§ PROBLEM: Retype every entry word for word.

§ ENTRIES SUPPLIED:
section \<open>West's stack sorts exactly the 231-avoiding lists\<close>

lemma sorted_stk_21:
  assumes "sorted st" "\<not> contains [2,3,1] (rev st @ inp)"
  shows "sorted (stk [[2,1]] inp st)"
proof -
  \<comment> \<open>\<open>T\<close> stays abstract for the same reason as \<open>pats_132_321\<close>.\<close>
  have "sorted (stk T inp st)"
    if "\<And>xs. avoids_all T xs \<longleftrightarrow> sorted xs" "sorted st" "\<not> contains [2,3,1] (rev st @ inp)" for T inp st
    using that
  proof (induction T inp st rule: stk.induct)
    case (3 T x inp y st)
    show ?case
    proof (cases "sorted (x # y # st)")
      case True
      with 3 show ?thesis by simp
    next
      case False
      then have pop: "\<not> avoids_all T (x # y # st)"
        using "3.prems"(1) by blast
      from False have "y < x"
        using "3.prems"(2) by auto
      have "subseq (rev st @ x # inp) (rev st @ y # x # inp)"
        by (simp add: subseq_append' list_emb_Cons)
      then have "\<not> contains [2,3,1] (rev st @ x # inp)"
        using "3.prems"(3) contains_mono by auto
      then have "sorted (stk T (x # inp) st)"
        using "3.IH"(2) "3.prems"(1,2) pop by simp
      moreover have "y \<le> e" if "e \<in> set (stk T (x # inp) st)" for e
      proof (rule ccontr)
        assume "\<not> y \<le> e"
        have "e \<in> set (x # inp) \<union> set st"
          using that mset_stk[of T "x # inp" st] by (metis set_mset_mset set_mset_union)
        with \<open>\<not> y \<le> e\<close> \<open>y < x\<close> "3.prems"(2) have "e \<in> set inp" by auto
        then have "subseq [y,x,e] (rev (y # st) @ x # inp)"
          by (simp add: subseq_singleton_left list_emb_append2)
        with \<open>\<not> y \<le> e\<close> \<open>y < x\<close> "3.prems"(3) show False
          by (meson contains_231I not_le)
      qed
      ultimately show ?thesis
        using pop by simp
    qed
  qed simp_all
  with assms avoids_21_iff_sorted show ?thesis by blast
qed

§ SOLUTION TO THE EXERCISE:
section \<open>West's stack sorts exactly the 231-avoiding lists\<close>

lemma sorted_stk_21:
  assumes "sorted st" "\<not> contains [2,3,1] (rev st @ inp)"
  shows "sorted (stk [[2,1]] inp st)"
proof -
  \<comment> \<open>\<open>T\<close> stays abstract for the same reason as \<open>pats_132_321\<close>.\<close>
  have "sorted (stk T inp st)"
    if "\<And>xs. avoids_all T xs \<longleftrightarrow> sorted xs" "sorted st" "\<not> contains [2,3,1] (rev st @ inp)" for T inp st
    using that
  proof (induction T inp st rule: stk.induct)
    case (3 T x inp y st)
    show ?case
    proof (cases "sorted (x # y # st)")
      case True
      with 3 show ?thesis by simp
    next
      case False
      then have pop: "\<not> avoids_all T (x # y # st)"
        using "3.prems"(1) by blast
      from False have "y < x"
        using "3.prems"(2) by auto
      have "subseq (rev st @ x # inp) (rev st @ y # x # inp)"
        by (simp add: subseq_append' list_emb_Cons)
      then have "\<not> contains [2,3,1] (rev st @ x # inp)"
        using "3.prems"(3) contains_mono by auto
      then have "sorted (stk T (x # inp) st)"
        using "3.IH"(2) "3.prems"(1,2) pop by simp
      moreover have "y \<le> e" if "e \<in> set (stk T (x # inp) st)" for e
      proof (rule ccontr)
        assume "\<not> y \<le> e"
        have "e \<in> set (x # inp) \<union> set st"
          using that mset_stk[of T "x # inp" st] by (metis set_mset_mset set_mset_union)
        with \<open>\<not> y \<le> e\<close> \<open>y < x\<close> "3.prems"(2) have "e \<in> set inp" by auto
        then have "subseq [y,x,e] (rev (y # st) @ x # inp)"
          by (simp add: subseq_singleton_left list_emb_append2)
        with \<open>\<not> y \<le> e\<close> \<open>y < x\<close> "3.prems"(3) show False
          by (meson contains_231I not_le)
      qed
      ultimately show ?thesis
        using pop by simp
    qed
  qed simp_all
  with assms avoids_21_iff_sorted show ?thesis by blast
qed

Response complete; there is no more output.